#### Task description:
Search the entries below for the word "span" and copy every line where it appears.

#### Extracted records:
┌────────

(* Let $p$ be a prime, $q=p^m$, $1\le r<p$, and enumerate $\mathbb{F}_q^*=\{\alpha_1,\dots,\alpha_{q-1}\}$. Let $\mathcal{G}=(\mathbb{F}_q[T]/(T^{r+1}))^*/\mathbb{F}_q^*$; every non-identity element has order $p$, so $\mathcal{G}$ is an $\mathbb{F}_p$-vector space of dimension $rm$. For $I=\{i_1,\dots,i_t\}\subseteq\{1,\dots,q-1\}$, the subgroup ($\mathbb{F}_p$-subspace) of $\mathcal{G}$ generated by the classes of $1+\alpha_iT$, $i\in I$, has $\mathbb{F}_p$-dimension $rm$ if and only if the matrix $$G_I=\begin{pmatrix}\alpha_{i_1}&\cdots&\alpha_{i_t}\\ \alpha_{i_1}^2&\cdots&\alpha_{i_t}^2\\ \vdots&&\vdots\\ \alpha_{i_1}^r&\cdots&\alpha_{i_t}^r\end{pmatrix}\in\mathbb{F}_p^{rm\times t}$$ has rank $rm$ over $\mathbb{F}_p$, where each entry $\alpha_i^k$ is replaced by its coordinate column vector in $\mathbb{F}_p^m$ with respect to a fixed $\mathbb{F}_p$-basis of $\mathbb{F}_q$.
   Context: $T$ is an indeterminate over $\mathbb{F}_q$; $\mathbb{F}_q^*$ denotes the image of the nonzero constants in $(\mathbb{F}_q[T]/(T^{r+1}))^*$. *)

theory Defs
  imports "HOL-Computational_Algebra.Polynomial" "HOL-Algebra.Coset" "HOL-Algebra.Generated_Groups"
begin

text \<open>Multiplication in the ring F_q[T]/(T^(r+1)), elements represented by
  polynomials of degree at most r (remainders modulo T^(r+1)).\<close>
definition trunc_mult :: "nat \<Rightarrow> 'a::field poly \<Rightarrow> 'a poly \<Rightarrow> 'a poly" where
  "trunc_mult r f g = (f * g) mod (monom 1 (r + 1))"

definition trunc_units :: "nat \<Rightarrow> ('a::field) poly monoid" where
  "trunc_units r = \<lparr> carrier = {f. degree f \<le> r \<and>
        (\<exists>g. degree g \<le> r \<and> trunc_mult r f g = 1)},
     mult = trunc_mult r, one = 1 \<rparr>"

definition const_units :: "('a::field) poly set" where
  "const_units = {[:c:] | c. c \<noteq> 0}"

definition calG :: "nat \<Rightarrow> ('a::field) poly set monoid" where
  "calG r = trunc_units r Mod const_units"

definition calG_class :: "nat \<Rightarrow> 'a::field \<Rightarrow> 'a poly set" where
  "calG_class r a = const_units #>\<^bsub>trunc_units r\<^esub> [:1, a:]"

definition prime_subfield :: "'a::field set" where
  "prime_subfield = range of_nat"

definition is_Fp_basis :: "nat \<Rightarrow> (nat \<Rightarrow> 'a::field) \<Rightarrow> bool" where
  "is_Fp_basis m b \<longleftrightarrow> (\<forall>x. \<exists>!c. (\<forall>j<m. c j \<in> prime_subfield) \<and> (\<forall>j\<ge>m. c j = 0)
       \<and> x = (\<Sum>j<m. c j * b j))"

definition Fp_coord :: "nat \<Rightarrow> (nat \<Rightarrow> 'a::field) \<Rightarrow> 'a \<Rightarrow> nat \<Rightarrow> 'a" where
  "Fp_coord m b x = (THE c. (\<forall>j<m. c j \<in> prime_subfield) \<and> (\<forall>j\<ge>m. c j = 0)
       \<and> x = (\<Sum>j<m. c j * b j))"

definition Fp_indep_cols :: "'r set \<Rightarrow> 'c set \<Rightarrow> ('r \<Rightarrow> 'c \<Rightarrow> 'a::field) \<Rightarrow> bool" where
  "Fp_indep_cols R J M \<longleftrightarrow> (\<forall>c. (\<forall>i\<in>J. c i \<in> prime_subfield) \<and>
       (\<forall>x\<in>R. (\<Sum>i\<in>J. c i * M x i) = 0) \<longrightarrow> (\<forall>i\<in>J. c i = 0))"

definition Fp_rank :: "'r set \<Rightarrow> 'c set \<Rightarrow> ('r \<Rightarrow> 'c \<Rightarrow> 'a::field) \<Rightarrow> nat" where
  "Fp_rank R C M = Max {card J | J. J \<subseteq> C \<and> Fp_indep_cols R J M}"

text \<open>The matrix G_I: rows indexed by pairs (k, j), 1 \<le> k \<le> r, j < m (the j-th
  coordinate of alpha_i^k), columns indexed by i in I.\<close>
definition G_mat :: "nat \<Rightarrow> nat \<Rightarrow> (nat \<Rightarrow> 'a::field) \<Rightarrow> (nat \<Rightarrow> 'a) \<Rightarrow> nat \<times> nat \<Rightarrow> nat \<Rightarrow> 'a" where
  "G_mat m r b \<alpha> = (\<lambda>(k, j) i. Fp_coord m b (\<alpha> i ^ k) j)"

end

theory Submission
  imports Defs "HOL-Library.Function_Algebras" "HOL-Number_Theory.Cong"
begin

text \<open>The logarithmic derivative \<open>f \<mapsto> f'/f\<close>, read modulo \<open>T\<^sup>r\<close>, turns products of units
  of \<open>F\<^sub>q[T]/(T\<^bsup>r+1\<^esup>)\<close> into sums, so it is a homomorphism into the additive group
  \<open>F\<^sub>q\<^sup>r\<close>. A unit lies in its kernel iff \<open>f' \<equiv> 0 mod T\<^sup>r\<close>, and because \<open>r < p\<close> this
  forces \<open>f\<close> to be constant; hence the quotient by the constants embeds into \<open>F\<^sub>q\<^sup>r\<close>.
  After twisting coefficients by signs, \<open>1 + a T\<close> is sent to \<open>(a, a\<^sup>2, \<dots>, a\<^sup>r)\<close>, so the
  subgroup generated by the classes of \<open>1 + \<alpha>\<^sub>i T\<close> is carried onto the \<open>F\<^sub>p\<close>-span of the
  columns \<open>(\<alpha>\<^sub>i\<^sup>k)\<^sub>k\<close>. That span has \<open>p\<^sup>\<rho>\<close> elements, \<open>\<rho>\<close> being the \<open>F\<^sub>p\<close>-rank of
  these columns, which is the rank of \<open>G\<^sub>I\<close> because taking coordinates in an
  \<open>F\<^sub>p\<close>-basis is injective and \<open>F\<^sub>p\<close>-linear.\<close>


section \<open>Additive groups and quotients by kernels\<close>

definition additive_group :: "'a::ab_group_add monoid" where
  "additive_group = \<lparr>carrier = UNIV, mult = (+), one = 0\<rparr>"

└────────

#### Solution:
  subgroup generated by the classes of \<open>1 + \<alpha>\<^sub>i T\<close> is carried onto the \<open>F\<^sub>p\<close>-span of the
  columns \<open>(\<alpha>\<^sub>i\<^sup>k)\<^sub>k\<close>. That span has \<open>p\<^sup>\<rho>\<close> elements, \<open>\<rho>\<close> being the \<open>F\<^sub>p\<close>-rank of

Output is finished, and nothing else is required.